Figure 2. Individuals in asexually reproducing populations tend to grow exponentially relative to their fitness (left). Normalization of frequencies to sum to 100% represents competition between viruses for hosts through clonal interference and reveals how exponentially growing viruses can decrease in frequency when their relative fitness is low (right).

Figure 3. The shape of fitness landscapes depends, in part, on mutation effect sizes. Mutations with similar, smaller effects (blue and orange circles) produce a smooth Gaussian fitness distribution while mutations with large effect sizes (green, yellow, and purple circles) produce a more discrete fitness distribution. From Figure 1A and B of Neher 2013.

Figure 4. The fixation probability of a beneficial mutation is a function of the mutation’s genetic background. When mutations have similar, smaller effects, the fitness of a beneficial mutation’s genetic background (red) contributes to the mutation’s fixation probability (green). Mutations that ultimately fix originate from distribution given by the product of the background fitness and the fixation probability (blue). From Figure 2C of Neher 2013.

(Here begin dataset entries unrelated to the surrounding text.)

lemma shift_to_positive_fracs:
  assumes fin: "finite V" and Ev: "E \<subseteq> vpairs V" and x: "x \<in> tor_complement V E"
  obtains x' where "x' \<in> tor_complement V E" "orient_of E x' = orient_of E x" "same_floors E x' x"
    "\<And>u. u \<in> V \<Longrightarrow> 0 < frac (x' u)"
proof -
  obtain c where c: "0 \<le> c" "c < 1" "\<And>u. u \<in> V \<Longrightarrow> frac (x u) < c"
    using frac_bound_below_one[OF fin] by blast
  define e where "e = (1 - c) / 2"
  have e: "0 < e" "c + e < 1" using c(2) by (simp_all add: e_def field_simps)
  define x' where "x' = (\<lambda>u. if u \<in> V then x u + e else 0)"
  have frac_x': "frac (x' u) = frac (x u) + e" if u: "u \<in> V" for u
  proof -
    have "x' u = of_int \<lfloor>x u\<rfloor> + (frac (x u) + e)" using u by (simp add: x'_def frac_def)
    moreover have "0 \<le> frac (x u) + e" "frac (x u) + e < 1"
      using e c(3)[OF u] frac_ge_0[of "x u"] by linarith+
    ultimately show ?thesis using floor_frac_of_int_add by metis
  qed
  have diff: "x' k - x' l = x k - x l" "k \<in> V" "l \<in> V" if "{k, l} \<in> E" for k l
    using edge_vertices[OF Ev that] by (auto simp: x'_def)
  have "x' \<in> tor_complement V E"
    using x diff by (auto simp: tor_complement_def RV_def x'_def)
  moreover have "orient_of E x' = orient_of E x"
    using diff frac_x' unfolding orient_of_def by auto
  moreover have "same_floors E x' x" using diff by (simp add: same_floors_def)
  moreover have "0 < frac (x' u)" if "u \<in> V" for u
    using frac_x'[OF that] e(1) frac_ge_0[of "x u"] by linarith
  ultimately show ?thesis by (rule that)
qed
(* Under (B.1), (B.2), (B.3), the minimax solution $\varphi$ of the problem $\partial_t\varphi+H(t,x(\cdot),\nabla\varphi)=0$ on $[0,T)\times C([-h,T],\mathbb{R}^n)$, $\varphi(T,x(\cdot))=\sigma(x(\cdot))$, is a viscosity solution, i.e. it satisfies: (V$^*$) for every $ci$-smooth $\psi:[0,T]\times C([-h,T],\mathbb{R}^n)\to\mathbb{R}$, if $\varphi-\psi$ attains a local minimum (with respect to the metric $\mathrm{dist}$) at a point $(t,x(\cdot))\in[0,T)\times C([-h,T],\mathbb{R}^n)$, then $\partial_t\psi(t,x(\cdot))+H(t,x(\cdot),\nabla\psi(t,x(\cdot)))\le0$; (V$_*$) for every $ci$-smooth $\psi$, if $\varphi-\psi$ attains a local maximum at a point $(t,x(\cdot))\in[0,T)\times C([-h,T],\mathbb{R}^n)$, then $\partial_t\psi(t,x(\cdot))+H(t,x(\cdot),\nabla\psi(t,x(\cdot)))\ge0$.
   Context: Fix $n\in\mathbb{N}$, $h>0$, $T>0$; $\langle\cdot,\cdot\rangle$, $\|\cdot\|$ Euclidean. $C([-h,T],\mathbb{R}^n)$ has the sup norm $\|\cdot\|_{[-h,T]}$; $[0,T]\times C([-h,T],\mathbb{R}^n)$ has the metric $\mathrm{dist}((t,x(\cdot)),(\tau,y(\cdot)))=|t-\tau|+\|x(\cdot)-y(\cdot)\|_{[-h,T]}$. Non-anticipative: $\varphi(t,x(\cdot))=\varphi(t,y(\cdot))$ whenever $t\in[0,T)$ and $x=y$ on $[-h,t]$. $\mathrm{Lip}(t,x(\cdot))$: the $y(\cdot)\in C([-h,T],\mathbb{R}^n)$ with $y=x$ on $[-h,t]$, Lipschitz on $[t,T]$. $ci$-differentiable at $(t,x(\cdot))$, $t<T$: there exist $\partial_t\varphi(t,x(\cdot))\in\mathbb{R}$, $\nabla\varphi(t,x(\cdot))\in\mathbb{R}^n$ with $\varphi(\tau,y(\cdot))-\varphi(t,x(\cdot))=\partial_t\varphi(t,x(\cdot))(\tau-t)+\langle\nabla\varphi(t,x(\cdot)),y(\tau)-x(t)\rangle+o(\tau-t)$, $\tau\in(t,T]$, for every $y(\cdot)\in\mathrm{Lip}(t,x(\cdot))$, $o(\delta)/\delta\to0$ as $\delta\downarrow0$ ($o$ may depend on $y$). $ci$-smooth: continuous, $ci$-differentiable at every point of $[0,T)\times C([-h,T],\mathbb{R}^n)$, with $\partial_t\varphi$ and $\nabla\varphi$ continuous there. (B.1) $H,\sigma$ continuous; (B.2) there is $c>0$ with $|H(t,x(\cdot),s)-H(t,x(\cdot),r)|\le c(1+\max_{\tau\in[-h,t]}\|x(\tau)\|)\|s-r\|$ for all $t,x(\cdot),s,r$; (B.3) for every compact $D\subset C([-h,T],\mathbb{R}^n)$ there is $\lambda>0$ with $|H(t,x(\cdot),s)-H(t,y(\cdot),s)|\le\lambda(1+\|s\|)\max_{\tau\in[-h,t]}\|x(\tau)-y(\tau)\|$ for all $t\in[0,T]$, $x(\cdot),y(\cdot)\in D$, $s$. $Y(t,x(\cdot))$: the $y(\cdot)\in\mathrm{Lip}(t,x(\cdot))$ with $\|\dot y(\tau)\|\le c(1+\max_{\xi\in[-h,\tau]}\|y(\xi)\|)$ for a.e. $\tau\in[t,T]$. A minimax solution: $\varphi$ non-anticipative, continuous, $\varphi(T,\cdot)=\sigma$, and for every $(t,x(\cdot))\in[0,T)\times C([-h,T],\mathbb{R}^n)$, $s\in\mathbb{R}^n$ there is $y(\cdot)\in Y(t,x(\cdot))$ with $\varphi(\tau,y(\cdot))-\varphi(t,x(\cdot))=\langle s,y(\tau)-x(t)\rangle-\int_t^\tau H(\xi,y(\cdot),s)\,d\xi$ for all $\tau\in[t,T]$. *)

theory Defs
  imports "HOL-Analysis.Analysis"
begin
definition mmdiff :: "'v set \<Rightarrow> 'p set \<Rightarrow> 'v set set \<Rightarrow> ('v \<Rightarrow> 'p \<Rightarrow> real)
    \<Rightarrow> ('v set \<Rightarrow> 'p \<Rightarrow> real) \<Rightarrow> ('v \<Rightarrow> real) \<Rightarrow> 'v \<Rightarrow> 'p \<Rightarrow> real" where
  "mmdiff V P E \<theta> C lam j p = minmarg V P E \<theta> C lam j p 0 - minmarg V P E \<theta> C lam j p 1"

end

theory Submission
  imports Defs
begin

text \<open>Every term of the Lagrangian involves a single label p, so it is a sum of independent
  column energies, one per label, and binary labelings can be assembled column by column.
  Hence the min-marginal difference at (j, p) is the difference of the two constrained minima of
  column p alone. Raising lambda_j by Delta adds Delta * y_jp to each column; with Delta between
  the two largest differences, the column-wise minimizer switches label p1 on at j and every
  other label off. This labeling is optimal for the new multipliers and satisfies the constraint
  at j, so its Lagrangian, an upper bound for every D(lambda) with lambda = lambda_old off j,
  equals the new dual value.\<close>

definition label_energy :: "'v set \<Rightarrow> 'v set set \<Rightarrow> ('v \<Rightarrow> 'p \<Rightarrow> real)
    \<Rightarrow> ('v set \<Rightarrow> 'p \<Rightarrow> real) \<Rightarrow> ('v \<Rightarrow> real) \<Rightarrow> 'p \<Rightarrow> ('v \<Rightarrow> 'p \<Rightarrow> real) \<Rightarrow> real" where
  "label_energy V E \<theta> C lam p y =
     (\<Sum>i\<in>V. (\<theta> i p + lam i) * y i p) - (\<Sum>e\<in>E. C e p * (\<Prod>i\<in>e. y i p))"

definition label_minmarg :: "'v set \<Rightarrow> 'p set \<Rightarrow> 'v set set \<Rightarrow> ('v \<Rightarrow> 'p \<Rightarrow> real)
    \<Rightarrow> ('v set \<Rightarrow> 'p \<Rightarrow> real) \<Rightarrow> ('v \<Rightarrow> real) \<Rightarrow> 'v \<Rightarrow> 'p \<Rightarrow> real \<Rightarrow> real" where
  "label_minmarg V P E \<theta> C lam j p k =
     Min (label_energy V E \<theta> C lam p ` {y \<in> binlab V P. y j p = k})"

definition column_splice :: "'p set \<Rightarrow> ('p \<Rightarrow> 'v \<Rightarrow> 'p \<Rightarrow> real) \<Rightarrow> 'v \<Rightarrow> 'p \<Rightarrow> real" where
  "column_splice P Y = (\<lambda>i r. if r \<in> P then Y r i r else 0)"

lemma lagr_eq_sum_label_energy:
  assumes "finite V" "finite P"
  shows "lagr V P E \<theta> C y lam = (\<Sum>p\<in>P. label_energy V E \<theta> C lam p y) - (\<Sum>i\<in>V. lam i)"
proof -
  have "(\<Sum>i\<in>V. lam i * ((\<Sum>p\<in>P. y i p) - 1))
      = (\<Sum>p\<in>P. \<Sum>i\<in>V. lam i * y i p) - (\<Sum>i\<in>V. lam i)"
    by (simp add: right_diff_distrib sum_subtractf sum_distrib_left sum.swap[of _ V])
  then show ?thesis
    unfolding lagr_def label_energy_def
    by (simp add: sum.swap[of _ V] sum.swap[of _ E] distrib_right sum.distrib sum_subtractf)
qed

lemma label_energy_cong:
  "(\<And>i. y i p = z i p) \<Longrightarrow> label_energy V E \<theta> C lam p y = label_energy V E \<theta> C lam p z"
  unfolding label_energy_def by simp

lemma label_energy_shift:
  assumes "finite V" "j \<in> V"
  shows "label_energy V E \<theta> C (lam(j := lam j + d)) p y = label_energy V E \<theta> C lam p y + d * y j p"
proof -
  have "(\<Sum>i\<in>V. (\<theta> i p + (lam(j := lam j + d)) i) * y i p)
      = (\<Sum>i\<in>V. (\<theta> i p + lam i) * y i p + (if i = j then d * y i p else 0))"
    by (rule sum.cong) (auto simp: algebra_simps)
  also have "\<dots> = (\<Sum>i\<in>V. (\<theta> i p + lam i) * y i p) + d * y j p"
    using assms by (simp add: sum.distrib)
  finally show ?thesis unfolding label_energy_def by simp
qed

lemma column_splice_in_binlab:
  "(\<And>r. r \<in> P \<Longrightarrow> Y r \<in> binlab V P) \<Longrightarrow> column_splice P Y \<in> binlab V P"
  unfolding binlab_def column_splice_def by auto

lemma label_energy_column_splice:
  "r \<in> P \<Longrightarrow> label_energy V E \<theta> C lam r (column_splice P Y) = label_energy V E \<theta> C lam r (Y r)"
  by (rule label_energy_cong) (simp add: column_splice_def)

lemma lagr_column_splice:
  assumes "finite V" "finite P"
  shows "lagr V P E \<theta> C (column_splice P Y) lam
       = (\<Sum>r\<in>P. label_energy V E \<theta> C lam r (Y r)) - (\<Sum>i\<in>V. lam i)"
  using assms by (simp add: lagr_eq_sum_label_energy label_energy_column_splice)

lemma lagr_indep_of_satisfied_multiplier:
  assumes "(\<Sum>p\<in>P. y j p) = 1" and "\<forall>i\<in>V. i \<noteq> j \<longrightarrow> lam i = lam' i"
  shows "lagr V P E \<theta> C y lam = lagr V P E \<theta> C y lam'"
proof -
  have "(\<Sum>i\<in>V. lam i * ((\<Sum>p\<in>P. y i p) - 1)) = (\<Sum>i\<in>V. lam' i * ((\<Sum>p\<in>P. y i p) - 1))"
    by (rule sum.cong) (use assms in auto)
  then show ?thesis unfolding lagr_def by simp
qed

lemma finite_binlab:
  fixes V :: "'v set" and P :: "'p set"
  assumes "finite V" "finite P"
  shows "finite (binlab V P)"
proof -
  define ind :: "('v \<times> 'p) set \<Rightarrow> 'v \<Rightarrow> 'p \<Rightarrow> real"
    where "ind = (\<lambda>S i p. if (i, p) \<in> S then 1 else 0)"
  have "binlab V P \<subseteq> ind ` Pow (V \<times> P)"
  proof
    fix y assume y: "y \<in> binlab V P"
    have y01: "y i p \<in> {0, 1} \<and> ((i \<notin> V \<or> p \<notin> P) \<longrightarrow> y i p = 0)" for i p
      using y unfolding binlab_def by blast
    have "y = ind {(i, p). y i p = 1}"
    proof (intro ext)
      show "y i p = ind {(i, p). y i p = 1} i p" for i p
        using y01[of i p] by (auto simp: ind_def)
    qed
    moreover have "{(i, p). y i p = 1} \<subseteq> V \<times> P"
    proof (intro subsetI)
      show "x \<in> V \<times> P" if "x \<in> {(i, p). y i p = 1}" for x
        using that y01[of "fst x" "snd x"] by auto
    qed
    ultimately show "y \<in> ind ` Pow (V \<times> P)" by blast
  qed
  then show ?thesis using assms finite_subset by blast
qed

What is predictable about flu evolution?

The expectations from population genetic theory described above and previous experimental work suggest that aspects of flu’s evolution might be predictable. Mutations in HA and NA that alter host antibody binding sites and enable viruses to reinfect hosts should be under strong positive selection. We expect these strongly beneficial mutations to sweep through the global flu population at a rate that depends on the importance of their genetic background. We also do not expect that every site in HA or NA will acquire beneficial mutations. For example, fewer than a quarter of HA’s 566 amino acid sites are under positive selection (Bush et al. 1999), have undergone rapid sweeps (Shih et al. 2007), or contributed to antigenic drift (Wolf et al. 2006). Importantly, not all of these sites contribute equally to antigenic drift (Koel et al. 2013). Additionally, the complex and strong pressures of existing human immunity appear to constrain the space of antigenic phenotypes that viruses can explore at any given time (Smith et al. 2004, Bedford et al. 2012).

Recently, researchers have built on this evidence to create formal predictive models of flu evolution. Neher et al. 2014 used expectations from traveling wave models to define the “local branching index” (LBI), an estimate of viral fitness. LBI assumes that most extant viruses descend from a highly fit ancestor in the recent past and uses patterns of rapid branching in phylogenies to identify putative fit ancestors (Figure 5). Neher et al. 2014 showed that LBI could successfully identify individual ancestral nodes that were highly representative of the flu population one year in the future.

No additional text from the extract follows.